From the moment Panetta appeared, Obama faced four major decisions:

1. When to act? Every day of delay increased the likelihood that bin Laden, if he was actually there, would escape. A leak in Washington that popped up on a blog or in the press would sound an alarm, causing him to flee.

2. Who to include in the decisionmaking? Adding more people would reduce the chances that important dimensions of the operation would go unexamined. But every additional pair of eyes came with a mouth that could be the source of a leak.

3. How, exactly, to capture or kill bin Laden? Obama's menu had four entres: Predator drones with Hellfire missiles delivering 500-lb. bombs (like those used five months later to kill Anwar al-Awlaki in Yemen); B-2 bombers with 2,000-lb. laser-guided bombs (like those used in late 2011 against Muammar Gaddafi in Libya); special forces on the ground; and a joint military operation with Pakistan.

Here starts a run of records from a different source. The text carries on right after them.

(* Let $A \subset C(X)$ be a uniform algebra, let $\theta : A \to M_n(\mathbb{C})$ be a continuous unital homomorphism, and let $\alpha : A \to A$ be an antilinear contraction. Define a linear map $\theta_\alpha : A \to M_n(\mathbb{C})$ by $$\theta_\alpha(f) := \tfrac12\bigl(\theta(f) + \theta(\alpha(f))^*\bigr)\quad (f \in A).$$ If $\|\theta_\alpha\| \le 1$, then $\|\theta\| \le 1+\sqrt2$. Moreover, the constant $1+\sqrt2$ is sharp: it cannot be replaced by any smaller constant in this statement (valid for all uniform algebras $A$, all $n$, all such $\theta$ and $\alpha$).
   Context: A uniform algebra is a norm-closed subalgebra $A$ of $C(X)$, for $X$ a compact Hausdorff space, that contains the constant functions. It carries the supremum norm. $M_n(\mathbb{C})$ carries the operator norm, and $\|\cdot\|$ of a linear map is its operator norm. Homomorphisms are unital. A map $\alpha$ is antilinear if $\alpha(\lambda f + g) = \overline{\lambda}\alpha(f) + \alpha(g)$. It is a contraction if $\|\alpha(f)\| \le \|f\|$ for all $f$. *)

theory Defs
  imports "HOL-Analysis.Analysis" "Jordan_Normal_Form.Schur_Decomposition"
begin

text \<open>Elements of C(X) are represented as functions on the ambient type that vanish off X.\<close>

definition supnorm :: "'a set \<Rightarrow> ('a \<Rightarrow> complex) \<Rightarrow> real" where
  "supnorm X f = (if X = {} then 0 else Sup ((\<lambda>x. cmod (f x)) ` X))"

definition const_on :: "'a set \<Rightarrow> complex \<Rightarrow> ('a \<Rightarrow> complex)" where
  "const_on X c = (\<lambda>x. if x \<in> X then c else 0)"

text \<open>A uniform algebra: a sup-norm closed subalgebra of C(X), X compact Hausdorff
  (Hausdorff comes from the type class), containing the constants.\<close>
definition uniform_algebra :: "'a::t2_space set \<Rightarrow> ('a \<Rightarrow> complex) set \<Rightarrow> bool" where
  "uniform_algebra X A \<longleftrightarrow>
     compact X \<and>
     (\<forall>f\<in>A. continuous_on X f \<and> (\<forall>x. x \<notin> X \<longrightarrow> f x = 0)) \<and>
     (\<forall>c. const_on X c \<in> A) \<and>
     (\<forall>f\<in>A. \<forall>g\<in>A. (\<lambda>x. f x + g x) \<in> A) \<and>
     (\<forall>f\<in>A. \<forall>g\<in>A. (\<lambda>x. f x * g x) \<in> A) \<and>
     (\<forall>c. \<forall>f\<in>A. (\<lambda>x. c * f x) \<in> A) \<and>
     (\<forall>F g. (\<forall>k. F k \<in> A) \<and> continuous_on X g \<and> (\<forall>x. x \<notin> X \<longrightarrow> g x = 0) \<and>
        (\<lambda>k. supnorm X (\<lambda>x. F k x - g x)) \<longlonglongrightarrow> 0 \<longrightarrow> g \<in> A)"

definition cvec_norm :: "complex vec \<Rightarrow> real" where
  "cvec_norm v = sqrt (\<Sum>i<dim_vec v. (cmod (v $ i))\<^sup>2)"

definition mat_opnorm :: "complex mat \<Rightarrow> real" where
  "mat_opnorm M = Sup {cvec_norm (M *\<^sub>v v) | v. v \<in> carrier_vec (dim_col M) \<and> cvec_norm v \<le> 1}"

definition map_norm :: "'a set \<Rightarrow> ('a \<Rightarrow> complex) set \<Rightarrow> (('a \<Rightarrow> complex) \<Rightarrow> complex mat) \<Rightarrow> real" where
  "map_norm X A T = Sup {mat_opnorm (T f) | f. f \<in> A \<and> supnorm X f \<le> 1}"

definition is_linear_map :: "('a \<Rightarrow> complex) set \<Rightarrow> nat \<Rightarrow> (('a \<Rightarrow> complex) \<Rightarrow> complex mat) \<Rightarrow> bool" where
  "is_linear_map A n T \<longleftrightarrow> (\<forall>f\<in>A. T f \<in> carrier_mat n n) \<and>
     (\<forall>c. \<forall>f\<in>A. \<forall>g\<in>A. T (\<lambda>x. c * f x + g x) = c \<cdot>\<^sub>m T f + T g)"
lemma N_corner_bounds: "0 \<le> N_corner k t" "N_corner k t \<le> 3"
  using expectation_ran_mono[of t "\<lambda>_. 0" "corner_count k"] expectation_ran_mono[of t "corner_count k" "\<lambda>_. 3"]
  unfolding N_corner_def by (simp_all add: corner_count_bounds)

lemma N_corner_le_N: "N_corner k t \<le> N k t"
  unfolding N_corner_def N_eq_expectation_degree_count
  by (intro expectation_ran_mono corner_count_le_degree_count)

lemma N_eq_0_if_vertex_degrees_avoid:
  assumes "\<And>s x. ran_invariant t s \<Longrightarrow> x < nv s \<Longrightarrow> degree s x \<noteq> k"
  shows "N k t = 0"
proof -
  have "N k t = measure_pmf.expectation (ran t) (\<lambda>_. 0)"
    unfolding N_eq_expectation_degree_count degree_count_def
    using assms by (intro expectation_ran_cong) simp
  then show ?thesis by simp
qed

lemma N_eq_0_if_gt: "t + 2 < k \<Longrightarrow> N k t = 0"
  by (intro N_eq_0_if_vertex_degrees_avoid) (metis ran_invariant_degree(2) not_less)

lemma N_eq_0_if_lt_3: "1 \<le> t \<Longrightarrow> k < 3 \<Longrightarrow> N k t = 0"
  by (intro N_eq_0_if_vertex_degrees_avoid) (metis ran_invariant_degree(3) not_less)

lemma N_3_1: "N 3 1 = 4"
proof -
  have "degree_count 3 s = 4" if "ran_invariant 1 s" for s
  proof -
    have "degree s x = 3" if "x < nv s" for x
      using ran_invariant_degree(2,3)[OF \<open>ran_invariant 1 s\<close> that] by simp
    then show ?thesis unfolding degree_count_def using ran_invariantD(1)[OF that] by simp
  qed
  then show ?thesis unfolding N_eq_expectation_degree_count
    using expectation_ran_cong[of 1 "degree_count 3" "\<lambda>_. 4"] by simp
qed

(* Extended by 0 below degree 3, where N k t vanishes for t \<ge> 1; then lim_coeff_Suc also
   covers k = 3, whose recurrence carries the source term 1. *)
definition lim_coeff :: "nat \<Rightarrow> real" where
  "lim_coeff k = (if k < 3 then 0 else 24 / (real k * (real k + 1) * (real k + 2)))"

lemma lim_coeff_mult_left:
  "3 \<le> k \<Longrightarrow> real k * lim_coeff k = 24 / ((real k + 1) * (real k + 2))"
  by (simp add: lim_coeff_def)

lemma lim_coeff_mult_right:
  assumes "3 \<le> k"
  shows "(real k + 2) * lim_coeff k = 24 / (real k * (real k + 1))"
proof -
  have "(real k + 2) * lim_coeff k = (real k + 2) * 24 / ((real k + 2) * (real k * (real k + 1)))"
    using assms by (simp add: lim_coeff_def ac_simps)
  also have "\<dots> = 24 / (real k * (real k + 1))"
    by (rule mult_divide_mult_cancel_left) simp
  finally show ?thesis .
qed

lemma lim_coeff_Suc:
  assumes "2 \<le> k"
  shows "real k * lim_coeff k = (real k + 3) * lim_coeff (Suc k) - 2 * of_bool (k = 2)"
proof -
  have "(real k + 3) * lim_coeff (Suc k) = 24 / ((real k + 1) * (real k + 2))"
    using lim_coeff_mult_right[of "Suc k"] assms by (simp add: ac_simps)
  moreover have "k \<noteq> 2 \<Longrightarrow> real k * lim_coeff k = 24 / ((real k + 1) * (real k + 2))"
    using assms by (intro lim_coeff_mult_left) simp
  ultimately show ?thesis by (cases "k = 2") (simp_all add: lim_coeff_def)
qed

lemma lim_coeff_bounds: "0 \<le> lim_coeff k" "lim_coeff k \<le> 2/5"
proof -
  show "0 \<le> lim_coeff k" by (simp add: lim_coeff_def)
  have "24 / (real k * (real k + 1) * (real k + 2)) \<le> 24 / (3 * 4 * 5)" if "3 \<le> k"
    using that by (intro frac_le mult_mono) auto
  then show "lim_coeff k \<le> 2/5" by (simp add: lim_coeff_def)
qed

lemma lim_coeff_mult_le: "real k * lim_coeff k \<le> 6/5"
proof (cases "k < 3")
  case False
  then have "real k * lim_coeff k = 24 / ((real k + 1) * (real k + 2))"
    by (simp add: lim_coeff_mult_left)
  also have "\<dots> \<le> 24 / (4 * 5)"
    using False by (intro frac_le mult_mono) auto
  finally show ?thesis by simp
qed (simp add: lim_coeff_def)

lemma affine_error_step:
  fixes k T N N' Np Q Qp b bp c :: real
  assumes "0 \<le> T"
    and N': "N' = N + c + (k * Np - (k + 1) * N - Qp + Q) / (2 * T + 1)"
    and bp: "k * bp = (k + 3) * b - 2 * c"
  shows "N' - b * (T + 1) = (1 - (k + 1) / (2 * T + 1)) * (N - b * T)
    + (k / (2 * T + 1)) * (Np - bp * T) + (1 / (2 * T + 1)) * (c - b + Q - Qp)"
proof -
  define d where "d = 2 * T + 1"
  have d: "d \<noteq> 0" using assms(1) by (simp add: d_def)
  have "(N' - b * (T + 1)) * d = N * d + c * d + (k * Np - (k + 1) * N - Qp + Q) - b * (T + 1) * d"
    using N' d by (simp add: d_def field_simps)
  also have "\<dots> = (d - (k + 1)) * (N - b * T) + k * Np - ((k + 3) * b - 2 * c) * T + (c - b + Q - Qp)"
    by (simp add: d_def algebra_simps)
  also have "\<dots> = (d - (k + 1)) * (N - b * T) + k * (Np - bp * T) + (c - b + Q - Qp)"
    using arg_cong[OF bp, of "\<lambda>x. x * T"] by (simp add: algebra_simps)
  finally have "N' - b * (T + 1) = ((d - (k + 1)) * (N - b * T) + k * (Np - bp * T) + (c - b + Q - Qp)) / d"
    using d by (simp add: eq_divide_eq)
  also have "\<dots> = (1 - (k + 1) / d) * (N - b * T) + (k / d) * (Np - bp * T) + (1 / d) * (c - b + Q - Qp)"
    using d by (simp add: field_simps)
  finally show ?thesis unfolding d_def .
qed

lemma abs_convex_comb3_le:
  fixes \<alpha> \<beta> \<gamma> x y z C :: real
  assumes "0 \<le> \<alpha>" "0 \<le> \<beta>" "0 \<le> \<gamma>" "\<alpha> + \<beta> + \<gamma> = 1"
    and "\<bar>x\<bar> \<le> C" "\<bar>y\<bar> \<le> C" "\<bar>z\<bar> \<le> C"
  shows "\<bar>\<alpha> * x + \<beta> * y + \<gamma> * z\<bar> \<le> C"
proof -
  have "\<bar>\<alpha> * x + \<beta> * y + \<gamma> * z\<bar> \<le> \<alpha> * \<bar>x\<bar> + \<beta> * \<bar>y\<bar> + \<gamma> * \<bar>z\<bar>"
    using abs_triangle_ineq[of "\<alpha> * x + \<beta> * y" "\<gamma> * z"] abs_triangle_ineq[of "\<alpha> * x" "\<beta> * y"]
      assms(1-3) by (simp add: abs_mult)
  also have "\<dots> \<le> \<alpha> * C + \<beta> * C + \<gamma> * C"
    using assms by (intro add_mono mult_left_mono) auto
  also have "\<dots> = (\<alpha> + \<beta> + \<gamma>) * C" by (simp add: algebra_simps)
  also have "\<dots> = C" using assms(4) by simp
  finally show ?thesis .
qed

lemma N_4_2_bounds: "3 \<le> N 4 2" "N 4 2 \<le> 4"
proof -
  have N41: "N 4 1 = 0" by (rule N_eq_0_if_gt) simp
  then have "N_corner 4 1 = 0" using N_corner_le_N[of 4 1] N_corner_bounds(1)[of 4 1] by simp
  then have "N 4 2 = (12 - N_corner 3 1) / 3"
    using N_Suc[of 3 1] N41 N_3_1 by (simp add: numeral_eq_Suc)
  then show "3 \<le> N 4 2" "N 4 2 \<le> 4" using N_corner_bounds[of 3 1] by simp_all
qed

lemma source_term_bound:
  assumes "2 \<le> j" and "1 \<le> t"
  shows "\<bar>of_bool (j = 2) - lim_coeff (Suc j) + N_corner (Suc j) t - N_corner j t\<bar> \<le> 18/5"
proof (cases "j = 2")
  case True
  have "N_corner j t = 0"
    using N_corner_le_N[of j t] N_corner_bounds(1)[of j t] N_eq_0_if_lt_3[OF assms(2), of j] True by simp
  then show ?thesis using True N_corner_bounds[of 3 t] by (simp add: lim_coeff_def)
next
  case False
  then show ?thesis
    using N_corner_bounds[of j t] N_corner_bounds[of "Suc j" t] lim_coeff_bounds[of "Suc j"]
    unfolding abs_le_iff by simp
qed

lemma N_error_step:
  assumes "1 \<le> T" and "2 \<le> j" and "Suc j \<le> 2 * T + 1"
    and "\<bar>N j T - lim_coeff j * real T\<bar> \<le> 18/5"
    and "\<bar>N (Suc j) T - lim_coeff (Suc j) * real T\<bar> \<le> 18/5"
  shows "\<bar>N (Suc j) (Suc T) - lim_coeff (Suc j) * real (Suc T)\<bar> \<le> 18/5"
proof -
  define d where "d = 2 * real T + 1"
  have d: "real j + 1 \<le> d" "0 < d" using assms(3) by (auto simp: d_def)
  have "N (Suc j) (Suc T) - lim_coeff (Suc j) * (real T + 1) =
      (1 - (real j + 1) / d) * (N (Suc j) T - lim_coeff (Suc j) * real T)
      + (real j / d) * (N j T - lim_coeff j * real T)
      + (1 / d) * (of_bool (j = 2) - lim_coeff (Suc j) + N_corner (Suc j) T - N_corner j T)"
    unfolding d_def using N_Suc[of j T] lim_coeff_Suc[OF assms(2)]
    by (intro affine_error_step) (simp_all add: algebra_simps)
  also have "\<bar>\<dots>\<bar> \<le> 18/5"
    using d assms(4,5) source_term_bound[OF assms(2,1)]
    by (intro abs_convex_comb3_le) (simp_all add: field_simps)
  finally show ?thesis by (simp add: add.commute)
qed
definition perm_list :: "(nat \<Rightarrow> nat) \<Rightarrow> 't list \<Rightarrow> 't list" where
  "perm_list \<pi> x = map (\<lambda>i. x ! inv \<pi> i) [0..<length x]"

definition total_util :: "(nat \<Rightarrow> 'd \<Rightarrow> 't \<Rightarrow> real) \<Rightarrow> nat \<Rightarrow> 'd \<Rightarrow> 't list \<Rightarrow> real" where
  "total_util v n d \<theta> = (\<Sum>j<n. v j d (\<theta> ! j))"

definition efficient :: "'d set \<Rightarrow> 't set \<Rightarrow> (nat \<Rightarrow> 'd \<Rightarrow> 't \<Rightarrow> real) \<Rightarrow> nat \<Rightarrow> ('t list \<Rightarrow> 'd) \<Rightarrow> bool" where
  "efficient D Theta0 v n f \<longleftrightarrow>
     (\<forall>\<theta>\<in>profiles Theta0 n. f \<theta> \<in> D \<and> (\<forall>d\<in>D. total_util v n d \<theta> \<le> total_util v n (f \<theta>) \<theta>))"

definition groves_tax :: "(nat \<Rightarrow> 'd \<Rightarrow> 't \<Rightarrow> real) \<Rightarrow> nat \<Rightarrow> ('t list \<Rightarrow> 'd)
      \<Rightarrow> (nat \<Rightarrow> 't list \<Rightarrow> real) \<Rightarrow> 't list \<Rightarrow> nat \<Rightarrow> real" where
  "groves_tax v n f h \<theta> i = (\<Sum>j\<in>{..<n} - {i}. v j (f \<theta>) (\<theta> ! j)) + h i (minus_i i \<theta>)"
(* Let $P$ be a $3$-polytope with $\mathrm{InCone}(P)\neq\emptyset$. If $P$ has a $2$-face with an odd number of vertices, then $\dim\mathrm{InCone}(P)\le2$. If $P$ has two $2$-faces, each with an odd number of vertices, that share an edge, then $\dim\mathrm{InCone}(P)=1$, i.e. up to homothety (and translation) $P$ has a unique inscribed polytope with the same normal fan.
   Context: $\mathrm{InCone}(P)$ is the set of polytopes with all vertices on a common sphere and with the same normal fan as $P$, modulo translation; it is an open polyhedral cone (identified with the set of such polytopes whose inscribing sphere is centered at the origin). *)

theory Defs
  imports "HOL-Analysis.Analysis"
begin

definition normal_cone :: "(real^3) set \<Rightarrow> (real^3) set \<Rightarrow> (real^3) set" where
  "normal_cone P F = {c. \<forall>x\<in>F. \<forall>y\<in>P. c \<bullet> y \<le> c \<bullet> x}"

definition normal_fan :: "(real^3) set \<Rightarrow> (real^3) set set" where
  "normal_fan P = {normal_cone P F | F. F face_of P \<and> F \<noteq> {}}"

text \<open>InCone(P): polytopes with the same normal fan as P whose vertices lie on a common
  sphere centered at the origin (canonical representatives modulo translation).\<close>
definition InCone :: "(real^3) set \<Rightarrow> (real^3) set set" where
  "InCone P = {Q. polytope Q \<and> normal_fan Q = normal_fan P \<and>
      (\<exists>r>0. \<forall>v. v extreme_point_of Q \<longrightarrow> norm v = r)}"

definition support_fun :: "(real^3) set \<Rightarrow> real^3 \<Rightarrow> real" where
  "support_fun Q u = Sup ((\<lambda>x. u \<bullet> x) ` Q)"

definition lin_indep_funs :: "('a \<Rightarrow> real) set \<Rightarrow> bool" where
  "lin_indep_funs S \<longleftrightarrow> finite S \<and>
     (\<forall>c. (\<forall>x. (\<Sum>f\<in>S. c f * f x) = 0) \<longrightarrow> (\<forall>f\<in>S. c f = 0))"

text \<open>Dimension of InCone(P), via the linear embedding Q \<mapsto> support function of Q
  (Minkowski sum and positive scaling correspond to sum and scaling of support functions):
  the dimension of the linear span of this cone, i.e. the maximal number of linearly
  independent elements.\<close>
definition incone_dim :: "(real^3) set \<Rightarrow> nat" where
  "incone_dim P = Max {card S | S. S \<subseteq> support_fun ` InCone P \<and> lin_indep_funs S}"

definition vertex_count :: "(real^3) set \<Rightarrow> nat" where
  "vertex_count F = card {v. v extreme_point_of F}"

end

theory Submission
  imports Defs
begin

text \<open>
  Every vertex p of P has a vertex w(p) of Q \<in> InCone(P) with the same normal cone. Along an
  edge pq of P the segment from w(p) to w(q) is parallel to p - q, and both endpoints lie on a
  sphere about the origin, so w(q) is the mirror image of w(p) in the hyperplane orthogonal to
  p - q. Such reflection labellings of the vertices form a linear space and, the edge graph being
  connected, are determined by their value at one vertex p0; as the support function of Q is
  read off from w, dim InCone(P) is at most the dimension of the space of these values.
  On a facet with normal n every reflection fixes n, while n \<times> w is transported by the
  negated reflections; around an odd cycle of edges this confines all values to the plane
  spanned by n and w(p0). Two odd facets through a common edge give two different such
  planes, and their intersection is the line through w(p0).
\<close>

lemma real_vector_eq_neg_self_iff: "(x::'a::real_vector) = - x \<longleftrightarrow> x = 0"
  by (metis add.inverse_neutral eq_neg_iff_add_eq_0 scaleR_2 scaleR_eq_0_iff zero_neq_numeral)

lemma orthogonal_to_ball_imp_zero:
  fixes z :: "'a::real_inner"
  assumes "\<delta> > 0" "\<And>u. u \<in> ball c \<delta> \<Longrightarrow> u \<bullet> z = 0"
  shows "z = 0"
proof (rule ccontr)
  assume "z \<noteq> 0"
  define t where "t = \<delta> / 2 / norm z"
  have "c \<in> ball c \<delta>" "c + t *\<^sub>R z \<in> ball c \<delta>"
    using assms(1) \<open>z \<noteq> 0\<close> by (simp_all add: t_def dist_norm)
  then have "c \<bullet> z = 0" "(c + t *\<^sub>R z) \<bullet> z = 0"
    using assms(2) by blast+
  then have "t * (z \<bullet> z) = 0"
    by (simp add: inner_add_left)
  then show False
    using assms(1) \<open>z \<noteq> 0\<close> by (simp add: t_def)
qed

lemma parallel_if_orthogonal:
  fixes d e :: "'a::real_inner"
  assumes "e \<noteq> 0" "\<And>z. z \<bullet> e = 0 \<Longrightarrow> z \<bullet> d = 0"
  shows "d = ((d \<bullet> e) / (e \<bullet> e)) *\<^sub>R e"
proof -
  define z where "z = d - ((d \<bullet> e) / (e \<bullet> e)) *\<^sub>R e"
  have "z \<bullet> e = 0"
    using assms(1) by (simp add: z_def inner_diff_left)
  then have "z \<bullet> z = 0"
    using assms(2)[of z] by (simp add: z_def inner_diff_right)
  then show ?thesis
    by (simp add: z_def)
qed

lemma inner_opposite_signs_if_independent:
  fixes x y :: "'a::real_inner"
  assumes "independent {x, y}" "x \<noteq> y"
  obtains b where "b \<bullet> x > 0" "b \<bullet> y < 0"
proof -
  have orthogonal_part: "\<exists>c. c \<bullet> u > 0 \<and> c \<bullet> u' = 0" if "u \<notin> span {u'}" for u u' :: 'a
  proof -
    define c where "c = u - ((u \<bullet> u') / (u' \<bullet> u')) *\<^sub>R u'"
    have "c \<noteq> 0"
    proof
      assume "c = 0"
      then have "u = ((u \<bullet> u') / (u' \<bullet> u')) *\<^sub>R u'"
        by (simp add: c_def)
      moreover have "((u \<bullet> u') / (u' \<bullet> u')) *\<^sub>R u' \<in> span {u'}"
        by (simp add: span_base span_scale)
      ultimately show False
        using that by simp
    qed
    moreover have "c \<bullet> u' = 0"
      by (cases "u' = 0") (simp_all add: c_def inner_diff_left)
    then have "c \<bullet> u = c \<bullet> c"
      by (simp add: c_def inner_diff_right)
    ultimately show ?thesis
      by (intro exI[of _ c]) (simp add: \<open>c \<bullet> u' = 0\<close>)
  qed
  have "x \<notin> span {y}" "y \<notin> span {x}"
    using assms independent_insert[of x "{y}"] independent_insert[of y "{x}"]
    by (auto simp: insert_commute)
  then obtain cx cy where "cx \<bullet> x > 0" "cx \<bullet> y = 0" "cy \<bullet> y > 0" "cy \<bullet> x = 0"
    using orthogonal_part by meson
  then show ?thesis
    using that[of "cx - cy"] by (simp add: inner_diff_left)
qed

lemma independent_if_separating_functionals:
  fixes x1 x2 x3 d1 d2 d3 :: "'a::euclidean_space"
  assumes d1: "d1 \<bullet> x1 = 0" "d1 \<bullet> x2 < 0" "d1 \<bullet> x3 < 0"
    and d2: "d2 \<bullet> x2 = 0" "d2 \<bullet> x1 < 0" "d2 \<bullet> x3 < 0"
    and d3: "d3 \<bullet> x3 = 0" "d3 \<bullet> x1 < 0" "d3 \<bullet> x2 < 0"
  shows "independent {x1, x2, x3}"
proof (rule ccontr)
  assume "\<not> independent {x1, x2, x3}"
  then obtain c where c: "(\<Sum>x\<in>{x1, x2, x3}. c x *\<^sub>R x) = 0" "\<exists>x\<in>{x1, x2, x3}. c x \<noteq> 0"
    unfolding independent_explicit by blast
  have "x1 \<noteq> x2" "x1 \<noteq> x3" "x2 \<noteq> x3"
    using d1 d2 by auto
  then have "c x1 *\<^sub>R x1 + c x2 *\<^sub>R x2 + c x3 *\<^sub>R x3 = 0"
    using c(1) by (simp add: add.assoc)
  then have "d \<bullet> (c x1 *\<^sub>R x1 + c x2 *\<^sub>R x2 + c x3 *\<^sub>R x3) = 0" for d
    by simp
  then have lin: "c x1 * (d \<bullet> x1) + c x2 * (d \<bullet> x2) + c x3 * (d \<bullet> x3) = 0" for d
    by (simp add: inner_add_right)
  \<comment> \<open>each functional forces the two coefficients it does not kill to vanish together
    or to have opposite signs, which is impossible for all three pairs at once\<close>
  have opposite: "a * b \<le> 0 \<and> (a = 0 \<longleftrightarrow> b = 0)"
    if "a * s + b * t = 0" "s < 0" "t < 0" for a b s t :: real
    using that by (smt (verit, ccfv_threshold) mult_less_0_iff zero_less_mult_iff)
  have "c x2 * c x3 \<le> 0 \<and> (c x2 = 0 \<longleftrightarrow> c x3 = 0)"
    using opposite[of "c x2" "d1 \<bullet> x2" "c x3" "d1 \<bullet> x3"] lin[of d1] d1 by simp
  moreover have "c x1 * c x3 \<le> 0 \<and> (c x1 = 0 \<longleftrightarrow> c x3 = 0)"
    using opposite[of "c x1" "d2 \<bullet> x1" "c x3" "d2 \<bullet> x3"] lin[of d2] d2 by simp
  moreover have "c x1 * c x2 \<le> 0 \<and> (c x1 = 0 \<longleftrightarrow> c x2 = 0)"
    using opposite[of "c x1" "d3 \<bullet> x1" "c x2" "d3 \<bullet> x2"] lin[of d3] d3 by simp
  ultimately have "c x1 = 0 \<and> c x2 = 0 \<and> c x3 = 0"
    by (smt (verit, ccfv_threshold) mult_le_0_iff vector_space_over_itself.scale_eq_0_iff)
  then show False
    using c(2) by auto
qed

4. Though this was first and foremost a matter of national security, any decision would have political consequences. Everyone involved knew Obama was "betting his presidency" on this issue, as a Deputy National Security Adviser put it. If Obama waited and OBL escaped, Obama would be savaged for fiddling while public enemy No. 1 vanished. If he acted and the operation failed, opponents would tar him as a second Jimmy Carter, recalling the failed 1980 attempt to rescue Americans held hostage in Iran.

The biggest surprise of the entire operation was that it was a surprise. A half-century ago, when the CIA discovered that the Soviet Union was sneaking nuclear-tipped missiles into Cuba at the start of what became the Cuban missile crisis, one of the first questions President John F. Kennedy asked was, How long until this leaks? His National Security Adviser thought a week at most. So JFK gave himself five days to deliberate, review the evidence, listen to counterarguments and change his mind more than once. As he noted afterward, if he had been forced to make a decision in the first 48 hours, he would have chosen an air strike on the missile sites rather than the naval blockade he eventually selected. That air strike could have led to nuclear war.